Anyone taken these things apart yet? You know the flexible rectangular blocky thing that connects the contact pad on the board to the LCD itself? What are these called?

Got mine running last night and found two problems with the code, one of which was the backslash a couple of others have already noted. Second was that the LCDCharacter() writes two blank vertical lines, one before the character and a second after, when only one is needed. Without the extra blank you get at least one additional character on each line. I"ll probably also move the ASCII font table to PROGMEM space to save on RAM and then start to work on some big digits for a clock.

I"m using this LCD for a large Arduino UNO project, but I"m running out of SRAM memory space. I was wondering if I used PROGMEM on the LCD ASCII array if that would help. If so, does anyone know what the right code for this would be? After looking through a lot of PROGMEM examples, I"m not advance enough to really grasp everything that"s going on. Any help you can give would be a great help. Thanks in advance!

I used one of these LCDs with an Arduino to display GPS information. I wrote a few functions that can display large numbers (28 px high) if anyone is interested, this lets me display speed, heading etc. A writeup of my project is here: http://mechinations.wordpress.com/2014/04/07/gps-sailing/

These are great displays. I ran into a problem using them with the nRF24L01+ radio transciever, which requires the use of the SPI bus. If one attaches both the radio and the display MOSI and SCK pins to pins 13 and 11 as instructed in the hookup guide, the SPI traffic of the other device (in this case the nRF24L01+ radio) will prevent the display from functioning. The easy solution is to move the Nokia 5110 MOSI and SCK pins to any other digital pin. This should be made clear in the hookup guide, where it says there is no choice but to use the hardware SPI pins for the display. I found out that is not true at all. I hope his helps others with the same problem. Despite the occasional bad display these carry much more information that the comparably prices 16 x 2 LCD and use fewer pins too boot. What a deal!

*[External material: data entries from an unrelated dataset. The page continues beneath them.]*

(* Let $d,m$ be positive integers, let $a<b$ be real numbers and $\epsilon>0$, and let $T:\mathrm{MR}_d\to\mathrm{MR}_m$ be an affine linear operator which sends $[a,b]$-rooted polynomials to real-rooted polynomials. Let $\mathcal{A}$ be the set of all $[a,b]$-rooted $f\in\mathrm{MR}_d$ with $\operatorname{tr}(f)=\epsilon$ (assumed nonempty), and consider the problem of maximizing the largest zero of $T(f)$ over $f\in\mathcal{A}$. Then this maximal zero is achieved for some $T(f)$ with $f\in\mathcal{A}$ having at most one distinct zero in $(a,b)$. Moreover, if the maximal zero above is achieved for some $T(f)$ where $f\in\mathcal{A}$ is $(a,b)$-rooted, then the maximal zero is also achieved for $T\big((t-\epsilon/d)^d\big)$.
   Context: $\mathrm{MR}_d$ denotes the affine space of all monic real univariate polynomials of degree $d$. For an interval $I\subseteq\mathbb{R}$, a polynomial is $I$-rooted if all its zeros lie in $I$. The trace $\operatorname{tr}(f)$ of a non-constant polynomial $f$ is the sum of its zeros counted with multiplicity. *)

theory Defs
  imports Complex_Main "HOL-Computational_Algebra.Computational_Algebra"
begin

definition MR :: "nat \<Rightarrow> real poly set" where
  "MR d = {f. degree f = d \<and> lead_coeff f = 1}"

definition czeros :: "real poly \<Rightarrow> complex set" where
  "czeros f = {z. poly (map_poly complex_of_real f) z = 0}"

definition rooted_in :: "real set \<Rightarrow> real poly \<Rightarrow> bool" where
  "rooted_in I f \<longleftrightarrow> czeros f \<subseteq> complex_of_real ` I"

abbreviation real_rooted :: "real poly \<Rightarrow> bool" where
  "real_rooted f \<equiv> rooted_in UNIV f"

definition tr :: "real poly \<Rightarrow> complex" where
  "tr f = sum_mset (proots (map_poly complex_of_real f))"

definition maxroot :: "real poly \<Rightarrow> real" where
  "maxroot p = Max {x. poly p x = 0}"

definition affine_op :: "nat \<Rightarrow> nat \<Rightarrow> (real poly \<Rightarrow> real poly) \<Rightarrow> bool" where
  "affine_op d m T \<longleftrightarrow> (\<forall>f\<in>MR d. T f \<in> MR m) \<and>
     (\<forall>f\<in>MR d. \<forall>g\<in>MR d. \<forall>c::real.
        T (smult c f + smult (1 - c) g) = smult c (T f) + smult (1 - c) (T g))"

end

theory Submission
  imports Defs
begin

text \<open>
  Write an [a,b]-rooted f as the product of (t - z) over its multiset of roots. If two roots u, v
  are replaced while keeping u + v fixed, f moves on an affine line parametrised by u v, and so does
  T f. Along such a line the largest zero behaves like a quasi-convex function: at the largest zero
  of an intermediate member, the two outer members cannot both be positive, so if the left one
  does not beat the middle one, the right one does. Given two interior roots x < \<mu> < y, \<mu> the
  mean of the interior roots, we may therefore either push them apart until one reaches a or b, or
  pull them together until one reaches \<mu>, without decreasing the largest zero of T f. The first
  move lowers the number of interior roots, the second the number of interior roots off their
  mean, so we end at a polynomial with at most one distinct interior root. There are only
  finitely many of those, and they contain a maximiser. If a maximiser has all roots in (a,b),
  spreading cannot increase the value, so squeezing keeps it maximal, and repeating this reaches
  (t - \<epsilon>/d)^d.
\<close>

definition root_poly :: "real multiset \<Rightarrow> real poly" where
  "root_poly R = (\<Prod>z\<in>#R. [:-z, 1:])"

lemma poly_root_poly: "poly (root_poly R) t = (\<Prod>z\<in>#R. t - z)"
  unfolding root_poly_def by (simp add: poly_prod_mset)

lemma root_poly_add: "root_poly (R + S) = root_poly R * root_poly S"
  unfolding root_poly_def by simp

lemma root_poly_add_mset: "root_poly (add_mset x R) = [:-x, 1:] * root_poly R"
  unfolding root_poly_def by simp

lemma root_poly_replicate_mset: "root_poly (replicate_mset n c) = [:-c, 1:] ^ n"
  unfolding root_poly_def by simp

lemma root_poly_add_pair: "root_poly (S + {#u, v#}) = root_poly S * [:u * v, -(u + v), 1:]"
proof -
  have "root_poly {#u, v#} = [:u * v, -(u + v), 1:]"
    by (simp add: root_poly_def algebra_simps)
  then show ?thesis
    by (simp only: root_poly_add)
qed

lemma root_poly_in_MR: "root_poly R \<in> MR (size R)"
proof (induction R)
  case (add x R)
  have "root_poly R \<noteq> 0"
    by (auto simp: root_poly_def)
  then have "degree ([:-x, 1:] * root_poly R) = Suc (size R)"
    using add by (subst degree_mult_eq) (auto simp: MR_def)
  moreover have "lead_coeff ([:-x, 1:] * root_poly R) = 1"
    using add by (simp only: lead_coeff_mult) (auto simp: MR_def)
  ultimately show ?case
    by (simp add: MR_def root_poly_add_mset del: mult_pCons_left)
qed (simp add: MR_def root_poly_def)

lemma real_roots_root_poly: "{x. poly (root_poly R) x = 0} = set_mset R"
  by (auto simp: poly_root_poly)

lemma poly_root_poly_pos: "(\<forall>z\<in>#R. z < t) \<Longrightarrow> 0 < poly (root_poly R) t"
  unfolding poly_root_poly by (induction R) auto

lemma maxroot_root_poly_mem: "R \<noteq> {#} \<Longrightarrow> maxroot (root_poly R) \<in># R"
  unfolding maxroot_def real_roots_root_poly by (rule Max_in) auto

lemma maxroot_root_poly_ge: "z \<in># R \<Longrightarrow> z \<le> maxroot (root_poly R)"
  unfolding maxroot_def real_roots_root_poly by (rule Max_ge) auto

lemma map_poly_of_real_mult:
  "map_poly complex_of_real (p * q) = map_poly complex_of_real p * map_poly complex_of_real q"
  by (intro poly_eqI) (simp add: coeff_map_poly coeff_mult)

lemma map_poly_of_real_inject:
  "map_poly complex_of_real p = map_poly complex_of_real q \<Longrightarrow> p = q"
  by (metis (no_types) coeff_map_poly of_real_0 of_real_eq_iff poly_eqI)

lemma map_poly_of_real_root_poly:
  "map_poly complex_of_real (root_poly R) = (\<Prod>z\<in>#image_mset complex_of_real R. [:-z, 1:])"
proof (induction R)
  case (add x R)
  then show ?case
    by (simp add: root_poly_add_mset map_poly_of_real_mult map_poly_pCons del: mult_pCons_left)
qed (simp add: root_poly_def)

lemma proots_prod_linear_factors: "proots (\<Prod>z\<in>#Q. [:-z, 1:]) = (Q :: complex multiset)"
proof (induction Q)
  case (add x Q)
  have "(\<Prod>z\<in>#Q. [:-z, 1:]) \<noteq> 0"
    by auto
  with add show ?case
    by (simp add: proots_mult del: mult_pCons_left)
qed simp

lemma czeros_root_poly: "czeros (root_poly R) = complex_of_real ` set_mset R"
  by (auto simp: czeros_def map_poly_of_real_root_poly poly_prod_mset)

lemma rooted_in_root_poly_iff: "rooted_in I (root_poly R) \<longleftrightarrow> set_mset R \<subseteq> I"
  by (auto simp: rooted_in_def czeros_root_poly inj_image_subset_iff[OF inj_of_real])

lemma tr_root_poly: "tr (root_poly R) = complex_of_real (sum_mset R)"
proof -
  have "complex_of_real (sum_mset R) = sum_mset (image_mset complex_of_real R)"
    by (induction R) simp_all
  then show ?thesis
    by (simp add: tr_def map_poly_of_real_root_poly proots_prod_linear_factors)
qed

This is a great display for the money, certainly the best bang for the buck of you can live with B&W and lower res graphics. I have a lcd driver for Arduino I will post on http://www.marchdvd.com/5110 so take a look there it draws text aligned on pixels boundaries of 8 and draws lines and has invert video options.

I just started messing around with this LCD using a STM32F103 microcontroller running at 72MHz... it works great. The only problem I had, and I suspect others might have if they are using fast processors, is that you have to deliberately introduce the setup and hold time delays on the DC pin... if you don"t you will get spurious pixels written to the display. I used a delay of 10uS, although the spec says 100nS is fine.

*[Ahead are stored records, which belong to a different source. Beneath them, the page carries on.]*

(* Put K = A \<otimes> I\<^sub>n. The quantity Tr[X\<^sub>n A] is the expectation <K x\<^sub>n, x\<^sub>n>. The hypothesis
   x\<^sub>n x\<^sub>n\<^sup>* \<le> P\<^sub>n forces P\<^sub>n x\<^sub>n = x\<^sub>n and \<parallel>x\<^sub>n\<parallel> \<le> 1, so the expectation equals
   <P\<^sub>n K P\<^sub>n x\<^sub>n, x\<^sub>n>, which by the Rayleigh principle is at most
   \<lambda>\<^sub>1(P\<^sub>n K P\<^sub>n) \<parallel>x\<^sub>n\<parallel>\<^sup>2 \<le> \<lambda>\<^sub>1(P\<^sub>n K P\<^sub>n), the latter being nonnegative as P\<^sub>n K P\<^sub>n \<ge> 0.
   Condition C\<^sub>1 says that the right-hand side tends to f(A). *)

theory Submission
  imports Defs "Jordan_Normal_Form.Spectral_Radius" "HOL-Analysis.Function_Topology"
    "HOL-Analysis.Topology_Euclidean_Space"
begin

hide_type (open) Finite_Cartesian_Product.vec
unbundle no vec_syntax

section \<open>The Rayleigh principle\<close>

(* Vectors of C^d are modelled here as functions nat \<Rightarrow> complex whose entries at indices \<ge> d
   are ignored; this gives the unit sphere a compact home in the product topology. *)

definition quad_form :: "nat \<Rightarrow> (nat \<Rightarrow> nat \<Rightarrow> complex) \<Rightarrow> (nat \<Rightarrow> complex) \<Rightarrow> real" where
  "quad_form d m y = Re (\<Sum>i<d. \<Sum>j<d. m i j * y j * cnj (y i))"

definition sq_norm :: "nat \<Rightarrow> (nat \<Rightarrow> complex) \<Rightarrow> real" where
  "sq_norm d y = (\<Sum>i<d. (cmod (y i))\<^sup>2)"

lemma continuous_on_quad_form: "continuous_on S (quad_form d m)"
  unfolding quad_form_def
  by (intro continuous_intros continuous_on_product_then_coordinatewise continuous_on_id)

lemma continuous_on_sq_norm: "continuous_on S (sq_norm d)"
  unfolding sq_norm_def
  by (intro continuous_intros continuous_on_product_then_coordinatewise continuous_on_id)

lemma quad_form_cong: "(\<And>i. i < d \<Longrightarrow> y i = y' i) \<Longrightarrow> quad_form d m y = quad_form d m y'"
  unfolding quad_form_def by (intro arg_cong[where f=Re] sum.cong refl) auto

lemma sq_norm_cong: "(\<And>i. i < d \<Longrightarrow> y i = y' i) \<Longrightarrow> sq_norm d y = sq_norm d y'"
  unfolding sq_norm_def by (intro sum.cong refl) auto

lemma quad_form_scale: "quad_form d m (\<lambda>i. of_real c * y i) = c\<^sup>2 * quad_form d m y"
proof -
  have "(\<Sum>i<d. \<Sum>j<d. m i j * (of_real c * y j) * cnj (of_real c * y i))
      = of_real (c\<^sup>2) * (\<Sum>i<d. \<Sum>j<d. m i j * y j * cnj (y i))"
    by (simp add: sum_distrib_left algebra_simps power2_eq_square)
  then show ?thesis unfolding quad_form_def by simp
qed

lemma sq_norm_scale: "sq_norm d (\<lambda>i. of_real c * y i) = c\<^sup>2 * sq_norm d y"
  unfolding sq_norm_def by (simp add: sum_distrib_left norm_mult power_mult_distrib)

lemma sq_norm_nonneg: "0 \<le> sq_norm d y"
  unfolding sq_norm_def by (simp add: sum_nonneg)

lemma sq_norm_eq_0D: "sq_norm d y = 0 \<Longrightarrow> i < d \<Longrightarrow> y i = 0"
  unfolding sq_norm_def by (subst (asm) sum_nonneg_eq_0_iff) auto

lemma of_real_sq_norm: "of_real (sq_norm d y) = (\<Sum>i<d. y i * cnj (y i))"
  unfolding sq_norm_def by (simp add: complex_mult_cnj cmod_power2 of_real_sum)

lemma quad_form_shift:
  "quad_form d (\<lambda>i j. m i j - (if i = j then of_real c else 0)) y
     = quad_form d m y - c * sq_norm d y"
proof -
  have "(\<Sum>j<d. (if i = j then of_real c else 0) * y j * cnj (y i)) = of_real c * (y i * cnj (y i))"
    if "i < d" for i
    using that by (simp add: if_distrib[of "\<lambda>x. x * _"] cong: if_cong)
  then have "(\<Sum>i<d. \<Sum>j<d. (m i j - (if i = j then of_real c else 0)) * y j * cnj (y i))
      = (\<Sum>i<d. \<Sum>j<d. m i j * y j * cnj (y i)) - of_real c * (\<Sum>i<d. y i * cnj (y i))"
    by (simp add: left_diff_distrib sum_subtractf sum_distrib_left)
  then show ?thesis unfolding quad_form_def of_real_sq_norm[symmetric] by simp
qed

lemma quad_form_add_scaled:
  assumes herm: "\<And>i j. i < d \<Longrightarrow> j < d \<Longrightarrow> m j i = cnj (m i j)"
  shows "quad_form d m (\<lambda>i. u i + of_real t * z i) =
    quad_form d m u + 2 * t * Re (\<Sum>i<d. (\<Sum>j<d. m i j * u j) * cnj (z i)) + t\<^sup>2 * quad_form d m z"
proof -
  define A where "A = (\<Sum>i<d. \<Sum>j<d. m i j * u j * cnj (u i))"
  define B where "B = (\<Sum>i<d. \<Sum>j<d. m i j * z j * cnj (u i))"
  define C where "C = (\<Sum>i<d. \<Sum>j<d. m i j * u j * cnj (z i))"
  define D where "D = (\<Sum>i<d. \<Sum>j<d. m i j * z j * cnj (z i))"
  have "m i j * (u j + of_real t * z j) * cnj (u i + of_real t * z i) =
      m i j * u j * cnj (u i) + of_real t * (m i j * z j * cnj (u i))
      + of_real t * (m i j * u j * cnj (z i)) + of_real (t\<^sup>2) * (m i j * z j * cnj (z i))" for i j
    by (simp add: algebra_simps power2_eq_square)
  then have expand: "(\<Sum>i<d. \<Sum>j<d. m i j * (u j + of_real t * z j) * cnj (u i + of_real t * z i))
      = A + of_real t * B + of_real t * C + of_real (t\<^sup>2) * D"
    unfolding A_def B_def C_def D_def by (simp add: sum.distrib sum_distrib_left)
  have "B = cnj C"
  proof -
    have "cnj C = (\<Sum>i<d. \<Sum>j<d. m j i * cnj (u j) * z i)"
      unfolding C_def cnj_sum by (intro sum.cong refl) (simp add: herm[symmetric])
    also have "\<dots> = B"
      unfolding B_def by (subst sum.swap) (simp add: ac_simps)
    finally show ?thesis by simp
  qed
  then have "Re (A + of_real t * B + of_real t * C + of_real (t\<^sup>2) * D) = Re A + 2 * t * Re C + t\<^sup>2 * Re D"
    by simp
  moreover have "C = (\<Sum>i<d. (\<Sum>j<d. m i j * u j) * cnj (z i))"
    unfolding C_def by (simp add: sum_distrib_right)
  ultimately show ?thesis unfolding quad_form_def expand A_def D_def by simp
qed

lemma linear_coeff_eq_0_if_quadratic_nonpos:
  fixes a c :: real
  assumes "0 \<le> a" and nonpos: "\<And>t. 2 * t * a + t\<^sup>2 * c \<le> 0"
  shows "a = 0"
proof (rule ccontr)
  assume "a \<noteq> 0"
  with \<open>0 \<le> a\<close> have "0 < a" by simp
  define t where "t = a / (\<bar>c\<bar> + 1)"
  have "0 < t" and "t * \<bar>c\<bar> \<le> a"
    using \<open>0 < a\<close> by (auto simp: t_def field_simps)
  moreover from this have "- a \<le> t * c"
    using abs_ge_minus_self[of "t * c"] by (simp add: abs_mult)
  ultimately have "0 < t * (2 * a + t * c)"
    using \<open>0 < a\<close> by (intro mult_pos_pos) auto
  with nonpos[of t] show False by (simp add: algebra_simps power2_eq_square)
qed

lemma quad_form_attains_max_on_sphere:
  assumes "0 < d"
  obtains u where "sq_norm d u = 1"
    "\<And>y. sq_norm d y = 1 \<Longrightarrow> (\<forall>i\<ge>d. y i = 0) \<Longrightarrow> quad_form d m y \<le> quad_form d m u"
proof -
  define S where "S = {y::nat\<Rightarrow>complex. (\<forall>i\<ge>d. y i = 0) \<and> sq_norm d y = 1}"
  define K where "K = PiE UNIV (\<lambda>i::nat. if i < d then cball (0::complex) 1 else {0})"
  have "compact K"
  proof -
    have "compactin (product_topology (\<lambda>i. euclidean) UNIV) K"
      unfolding K_def compactin_PiE by auto
    then show ?thesis by (simp add: euclidean_product_topology)
  qed
  moreover have "closed S"
  proof -
    have "S = (\<Inter>i\<in>{d..}. {y. y i = 0}) \<inter> {y. sq_norm d y = 1}"
      unfolding S_def by auto
    then show ?thesis
      by (auto intro!: closed_INT closed_Collect_eq continuous_on_sq_norm
          continuous_on_product_coordinates continuous_on_const)
  qed
  moreover have "S \<subseteq> K"
  proof
    fix y assume y: "y \<in> S"
    have "cmod (y i) \<le> 1" if "i < d" for i
    proof -
      have "(cmod (y i))\<^sup>2 \<le> sq_norm d y"
        unfolding sq_norm_def using that by (intro member_le_sum) auto
      then show ?thesis using y by (simp add: S_def power_le_one_iff abs_le_square_iff)
    qed
    then show "y \<in> K" using y unfolding K_def S_def by (auto simp: PiE_def)
  qed
  ultimately have "compact S"
    using compact_Int_closed by (metis inf.absorb_iff2)
  moreover have "(\<lambda>i. if i = 0 then 1 else 0) \<in> S"
  proof -
    have "sq_norm d (\<lambda>i. if i = 0 then 1 else 0) = (\<Sum>i<d. if i = 0 then 1 else 0)"
      unfolding sq_norm_def by (intro sum.cong) auto
    then show ?thesis using assms by (simp add: S_def)
  qed
  ultimately obtain u where "u \<in> S" "\<forall>y\<in>S. quad_form d m y \<le> quad_form d m u"
    using continuous_attains_sup[OF _ _ continuous_on_quad_form] by blast
  then show ?thesis using that unfolding S_def by auto
qed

I just spent the last couple hours struggling with this LCD because of something very stupid of me. I was using an atmega328p in AVR-GCC and using hardware SPI. Thinking i didn"t need MISO I hooked it to DC. The LCD worked absolutely fine until I tried to set the x and y position in the ram. It started acting weird every time I tried it. Finally I put dc to another pin and BAM NO PROBLEMS. Looking back I feel pretty stupid but hopefully this post will save someone else the same mistake. Other than that great LCD for my projects

The Energia folks have an example program for this LCD and the TI Launchpad written using their Arduino style tooling. I"ve updated their example and added the ability to report back the temperature over a UART. It is a very simple hardware setup since both systems are 3.3v. http://joe.blog.freemansoft.com/2012/08/digital-thermometer-with-ti-lanchpad.html

I tried using the "LCDAssistant" package to create a logo from a graphic that I resized to a b&w jpg of 84x48 but every byte generated was 0x00 so that was not right. I tried fiddling with the settings (flying blind) but still got nowhere - does anybody know the settings for LCDAssistant and this display and has used it successfully?

One of the things that I test regularly is a commercial item that features a 16x4 (HD44780) display. Currently I have a 20x4 on a flying lead that I plug in to determine if a display failure is down the lcd display or the main board.

Might I suggest you (SFE) source some of the Electronic Assembly"s LCD Dog-S series. I think they would be a step up from these at a reduced price. I don"t think that they website is up to date, but their part number is LED39x41-GR.

I finally got around to running this LCD on my 3310 PCB. It is working fine with one minor problem. The SF 3310 display hides to first line of bytes for some reason and I had to offset everything to compensate. The 5110 doesn"t do this as behaves as expected. I haven"t heard anyone else report this so maybe my initialization code is different.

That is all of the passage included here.